lemma diffeo_minus_inv:
  assumes "diffeo_minus h"
  shows "diffeo_minus (inv h)"
proof -
  have "bij h" and "\<And>x y. x < y \<Longrightarrow> h y < h x"
    using assms by (simp_all add: diffeo_minus_def diffeo_def)
  then have "inv h y < inv h x" if "x < y" for x y
    using that by (metis bij_inv_eq_iff not_less_iff_gr_or_eq)
  with assms show ?thesis by (simp add: diffeo_minus_def diffeo_inv)
qed

lemma diffeo_plus_nonpos_iff: "diffeo_plus h \<Longrightarrow> h 0 = 0 \<Longrightarrow> h x \<le> 0 \<longleftrightarrow> x \<le> 0"
  unfolding diffeo_plus_def by (metis not_less order_le_less)

lemma diffeo_minus_nonpos_iff: "diffeo_minus h \<Longrightarrow> h 0 = 0 \<Longrightarrow> h x \<le> 0 \<longleftrightarrow> 0 \<le> x"
  unfolding diffeo_minus_def by (metis not_less order_le_less)

lemma diffeo_minus_fixed_point: "diffeo_minus h \<Longrightarrow> h 0 = 0 \<Longrightarrow> h x = x \<Longrightarrow> x = 0"
  unfolding diffeo_minus_def by (metis linorder_neqE_linordered_idom order.asym)

lemma inv_fixes_0: "bij h \<Longrightarrow> h 0 = 0 \<Longrightarrow> inv h 0 = 0"
  by (metis bij_is_inj inv_f_f)

section \<open>Gluing two maps at \<open>0\<close>\<close>

definition glue :: "(real \<Rightarrow> real) \<Rightarrow> (real \<Rightarrow> real) \<Rightarrow> real \<Rightarrow> real" where
  "glue L R x = (if x \<le> 0 then L x else R x)"

lemma has_real_derivative_glue:
  assumes "\<And>x. (L has_real_derivative L' x) (at x)"
    and "\<And>x. (R has_real_derivative R' x) (at x)"
    and "L 0 = R 0" and "L' 0 = R' 0"
  shows "(glue L R has_real_derivative glue L' R' x) (at x)"
proof -
  let ?S = "{..0::real}" and ?T = "{0::real<..}"
  have boundary: "closure ?S \<inter> closure ?T = {0}" by auto
  have "((\<lambda>x. if x \<in> ?S then L x else R x) has_vector_derivative
      (if x \<in> ?S then L' x else R' x)) (at x within UNIV)"
    by (rule has_vector_derivative_If_within_closures[where S = ?S and T = ?T])
      (use assms in \<open>auto simp: boundary has_real_derivative_iff_has_vector_derivative[symmetric]
         intro: has_field_derivative_at_within\<close>)
  then show ?thesis
    by (simp add: glue_def[abs_def] has_real_derivative_iff_has_vector_derivative)
qed

lemma funpow_deriv_glue:
  assumes "smooth_real L" and "smooth_real R" and "taylor0 L = taylor0 R"
  shows "(deriv ^^ n) (glue L R) = glue ((deriv ^^ n) L) ((deriv ^^ n) R)"
  using assms
proof (induction n arbitrary: L R)
  case 0
  then show ?case by (simp add: fun_eq_iff)
next
  case (Suc n)
  have "(glue L R has_real_derivative glue (deriv L) (deriv R) x) (at x)" for x
    using Suc.prems taylor0_eqD[OF Suc.prems(3), of 0] taylor0_eqD[OF Suc.prems(3), of 1]
    by (intro has_real_derivative_glue smooth_real_has_real_derivative) simp_all
  then have "deriv (glue L R) = glue (deriv L) (deriv R)"
    by (intro ext DERIV_imp_deriv)
  moreover have "taylor0 (deriv L) = taylor0 (deriv R)"
    using Suc.prems(3) by (metis fps_deriv_taylor0)
  ultimately show ?case
    using Suc.prems by (simp add: funpow_Suc_right Suc.IH smooth_real_deriv del: funpow.simps)
qed

lemma smooth_real_glue:
  assumes "smooth_real L" and "smooth_real R" and "taylor0 L = taylor0 R"
  shows "smooth_real (glue L R)"
  unfolding smooth_real_def
proof (intro allI)
  fix n x
  have D: "((deriv ^^ n) f has_real_derivative (deriv ^^ Suc n) f y) (at y)" if "smooth_real f" for f y
    using that by (simp add: smooth_real_def DERIV_deriv_iff_real_differentiable)
  have "(glue ((deriv ^^ n) L) ((deriv ^^ n) R) has_real_derivative
      glue ((deriv ^^ Suc n) L) ((deriv ^^ Suc n) R) x) (at x)"
    using D[OF assms(1)] D[OF assms(2)] taylor0_eqD[OF assms(3), of n]
      taylor0_eqD[OF assms(3), of "Suc n"]
    by (rule has_real_derivative_glue)
  then show "(deriv ^^ n) (glue L R) differentiable (at x)"
    unfolding funpow_deriv_glue[OF assms] real_differentiable_def by blast
qed

lemma glue_inverse:
  assumes L: "diffeo_plus L" "L 0 = 0" and R: "diffeo_plus R" "R 0 = 0"
  shows "bij (glue L R)" and "inv (glue L R) = glue (inv L) (inv R)"
proof -
  have "bij L" "bij R"
    using L R by (simp_all add: diffeo_plus_def diffeo_def)
  then have inv: "\<And>x. inv L (L x) = x" "\<And>x. inv R (R x) = x"
    and surj: "\<And>y. L (inv L y) = y" "\<And>y. R (inv R y) = y"
    by (simp_all add: bij_is_inj bij_is_surj surj_f_inv_f)
  have "inv L 0 = 0" "inv R 0 = 0"
    using L R \<open>bij L\<close> \<open>bij R\<close> by (simp_all add: inv_fixes_0)
  note signs = diffeo_plus_nonpos_iff[OF L] diffeo_plus_nonpos_iff[OF R]
    diffeo_plus_nonpos_iff[OF diffeo_plus_inv[OF L(1)] \<open>inv L 0 = 0\<close>]
    diffeo_plus_nonpos_iff[OF diffeo_plus_inv[OF R(1)] \<open>inv R 0 = 0\<close>]
  have "glue L R \<circ> glue (inv L) (inv R) = id" "glue (inv L) (inv R) \<circ> glue L R = id"
    by (simp_all add: fun_eq_iff glue_def signs inv surj)
  then show "bij (glue L R)" and "inv (glue L R) = glue (inv L) (inv R)"
    by (auto intro: o_bij inv_unique_comp)
qed

lemma diffeo_plus_glue:
  assumes L: "diffeo_plus L" "L 0 = 0" and R: "diffeo_plus R" "R 0 = 0"
    and same_taylor: "taylor0 L = taylor0 R"
  shows "diffeo_plus (glue L R)"
proof -
  have "diffeo L" "diffeo R"
    using L R by (simp_all add: diffeo_plus_def)
  then have "taylor0 (inv L) = taylor0 (inv R)"
    using L R same_taylor by (simp add: taylor0_inv)
  then have smooth: "smooth_real (glue L R)" "smooth_real (inv (glue L R))"
    using \<open>diffeo L\<close> \<open>diffeo R\<close> same_taylor
    by (simp_all add: smooth_real_glue glue_inverse[OF L R] diffeo_def)
  have "glue L R x < glue L R y" if "x < y" for x y
    using that L R diffeo_plus_nonpos_iff[OF L, of x] diffeo_plus_nonpos_iff[OF R, of y]
    unfolding glue_def diffeo_plus_def by auto
  with smooth show ?thesis
    by (simp add: diffeo_plus_def diffeo_def glue_inverse[OF L R])
qed

section \<open>The conjugacy criterion\<close>

lemma conjugate_comp_conjugate:
  "bij h \<Longrightarrow> (inv h \<circ> g \<circ> h) \<circ> (inv h \<circ> g \<circ> h) = inv h \<circ> (g \<circ> g) \<circ> h"
  by (simp add: fun_eq_iff bij_is_surj surj_f_inv_f)

lemma taylor0_comp_inv_eq:
  assumes f: "diffeo f" "f 0 = 0" and "smooth_real g" and "smooth_real h" and "h 0 = 0"
    and "taylor0 h oo taylor0 f = taylor0 g oo taylor0 h"
  shows "taylor0 (g \<circ> h \<circ> inv f) = taylor0 h"
proof (rule fps_compose_cancel_right)
  have "bij f" "smooth_real f" "smooth_real (inv f)"
    using f by (simp_all add: diffeo_def)
  then have "taylor0 (g \<circ> h \<circ> inv f) oo taylor0 f = taylor0 (g \<circ> h \<circ> inv f \<circ> f)"
    using assms by (simp add: taylor0_comp smooth_real_comp inv_fixes_0)
  also have "g \<circ> h \<circ> inv f \<circ> f = g \<circ> h"
    using \<open>bij f\<close> by (simp add: o_assoc bij_is_inj)
  also have "taylor0 (g \<circ> h) = taylor0 h oo taylor0 f"
    using assms by (simp add: taylor0_comp)
  finally show "taylor0 (g \<circ> h \<circ> inv f) oo taylor0 f = taylor0 h oo taylor0 f" .
qed (use f taylor0_diffeo_nth in auto)

lemma glue_intertwines:
  assumes f: "diffeo_minus f" "f 0 = 0" and "g 0 = 0" and "h 0 = 0"
    and squares: "f \<circ> f = g \<circ> g" and commute: "h \<circ> (f \<circ> f) = (f \<circ> f) \<circ> h"
  shows "glue (g \<circ> h \<circ> inv f) h (f x) = g (glue (g \<circ> h \<circ> inv f) h x)"
proof -
  have "bij f"
    using f by (simp add: diffeo_minus_def diffeo_def)
  then have inv_f: "\<And>x. inv f (f x) = x" "\<And>y. f (inv f y) = y" "inv f 0 = 0"
    using f by (simp_all add: bij_is_inj bij_is_surj surj_f_inv_f inv_fixes_0)
  consider "x < 0" | "x = 0" | "0 < x" by fastforce
  then show ?thesis
  proof cases
    case 1
    then have "0 < f x"
      using diffeo_minus_nonpos_iff[OF f, of x] by auto
    then have "glue (g \<circ> h \<circ> inv f) h (f x) = h (f (f (inv f x)))"
      by (simp add: glue_def inv_f)
    also have "\<dots> = g (g (h (inv f x)))"
      using fun_cong[OF commute, of "inv f x"] fun_cong[OF squares] by simp
    finally show ?thesis
      using 1 by (simp add: glue_def)
  next
    case 2
    then show ?thesis using assms inv_f by (simp add: glue_def)
  next
    case 3
    then show ?thesis
      using diffeo_minus_nonpos_iff[OF f, of x] by (simp add: glue_def inv_f)
  qed
qed

lemma conjugate_of_equal_squares:
  assumes f: "diffeo_minus f" "f 0 = 0" and g: "diffeo_minus g" "g 0 = 0"
    and squares: "f \<circ> f = g \<circ> g"
    and h: "diffeo_plus h" "h 0 = 0" and commute: "h \<circ> (f \<circ> f) = (f \<circ> f) \<circ> h"
    and formal: "taylor0 h oo taylor0 f = taylor0 g oo taylor0 h"
  shows "\<exists>H. diffeo_plus H \<and> f = inv H \<circ> g \<circ> H"
proof -
  define L where "L = g \<circ> h \<circ> inv f"
  have "bij f"
    using f by (simp add: diffeo_minus_def diffeo_def)
  have "diffeo_plus L" "L 0 = 0"
    unfolding L_def using f g h \<open>bij f\<close>
    by (simp_all add: diffeo_minus_comp_minus diffeo_minus_comp_plus diffeo_minus_inv inv_fixes_0)
  moreover have "taylor0 L = taylor0 h"
    unfolding L_def using f g h formal
    by (intro taylor0_comp_inv_eq) (simp_all add: diffeo_minus_def diffeo_plus_def diffeo_def)
  ultimately have H: "diffeo_plus (glue L h)"
    using h by (intro diffeo_plus_glue)
  have "bij (glue L h)"
    using H by (simp add: diffeo_plus_def diffeo_def)
  have "f = inv (glue L h) \<circ> g \<circ> glue L h"
  proof
    fix x
    have "g (glue L h x) = glue L h (f x)"
      unfolding L_def by (rule glue_intertwines[OF f g(2) h(2) squares commute, symmetric])
    with \<open>bij (glue L h)\<close> show "f x = (inv (glue L h) \<circ> g \<circ> glue L h) x"
      by (simp add: bij_is_inj)
  qed
  with H show ?thesis by blast
qed

lemma conjugate_of_conjugate_squares:
  assumes f: "diffeo_minus f" "f 0 = 0" and g: "diffeo_minus g" "g 0 = 0"
    and h1: "diffeo_plus h1" "h1 0 = 0" and squares: "f \<circ> f = inv h1 \<circ> (g \<circ> g) \<circ> h1"
    and h2: "diffeo_plus h2" "h2 0 = 0" and commute: "h2 \<circ> (f \<circ> f) = (f \<circ> f) \<circ> h2"
    and formal: "taylor0 f = fps_inv (taylor0 h2) oo (taylor0 (inv h1 \<circ> g \<circ> h1) oo taylor0 h2)"
  shows "\<exists>h. diffeo_plus h \<and> f = inv h \<circ> g \<circ> h"
proof -
  define g1 where "g1 = inv h1 \<circ> g \<circ> h1"
  have "bij h1"
    using h1 by (simp add: diffeo_plus_def diffeo_def)
  have g1: "diffeo_minus g1" "g1 0 = 0"
    unfolding g1_def using g h1 \<open>bij h1\<close>
    by (simp_all add: diffeo_minus_comp_plus diffeo_plus_comp_minus diffeo_plus_inv inv_fixes_0)
  have "diffeo h2"
    using h2 by (simp add: diffeo_plus_def)
  have "taylor0 h2 oo taylor0 f = taylor0 g1 oo taylor0 h2"
    by (rule fps_compose_inv_conjugateD)
      (use formal g1 taylor0_diffeo_nth[OF \<open>diffeo h2\<close> h2(2)] in \<open>simp_all add: g1_def taylor0_nth\<close>)
  moreover have "f \<circ> f = g1 \<circ> g1"
    using squares \<open>bij h1\<close> by (simp only: g1_def conjugate_comp_conjugate)
  ultimately obtain H where H: "diffeo_plus H" "f = inv H \<circ> g1 \<circ> H"
    using conjugate_of_equal_squares[OF f g1 _ h2 commute] by blast
  have "bij H"
    using H by (simp add: diffeo_plus_def diffeo_def)
  then have "f = inv (h1 \<circ> H) \<circ> g \<circ> (h1 \<circ> H)"
    using H(2) \<open>bij h1\<close> by (simp add: g1_def o_inv_distrib o_assoc)
  with H(1) h1 show ?thesis
    by (blast intro: diffeo_plus_comp)
qed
============
▶ **TRY IT**:
In the listing above, the lines from the one containing "proof cases" through the one containing "unfolding L_def using f g h \<open>bij" must be set down exactly, with no other lines.

▶ **ANSWER SPACE**:
  proof cases
    case 1
    then have "0 < f x"
      using diffeo_minus_nonpos_iff[OF f, of x] by auto
    then have "glue (g \<circ> h \<circ> inv f) h (f x) = h (f (f (inv f x)))"
      by (simp add: glue_def inv_f)
    also have "\<dots> = g (g (h (inv f x)))"
      using fun_cong[OF commute, of "inv f x"] fun_cong[OF squares] by simp
    finally show ?thesis
      using 1 by (simp add: glue_def)
  next
    case 2
    then show ?thesis using assms inv_f by (simp add: glue_def)
  next
    case 3
    then show ?thesis
      using diffeo_minus_nonpos_iff[OF f, of x] by (simp add: glue_def inv_f)
  qed
qed

lemma conjugate_of_equal_squares:
  assumes f: "diffeo_minus f" "f 0 = 0" and g: "diffeo_minus g" "g 0 = 0"
    and squares: "f \<circ> f = g \<circ> g"
    and h: "diffeo_plus h" "h 0 = 0" and commute: "h \<circ> (f \<circ> f) = (f \<circ> f) \<circ> h"
    and formal: "taylor0 h oo taylor0 f = taylor0 g oo taylor0 h"
  shows "\<exists>H. diffeo_plus H \<and> f = inv H \<circ> g \<circ> H"
proof -
  define L where "L = g \<circ> h \<circ> inv f"
  have "bij f"
    using f by (simp add: diffeo_minus_def diffeo_def)
  have "diffeo_plus L" "L 0 = 0"
    unfolding L_def using f g h \<open>bij f\<close>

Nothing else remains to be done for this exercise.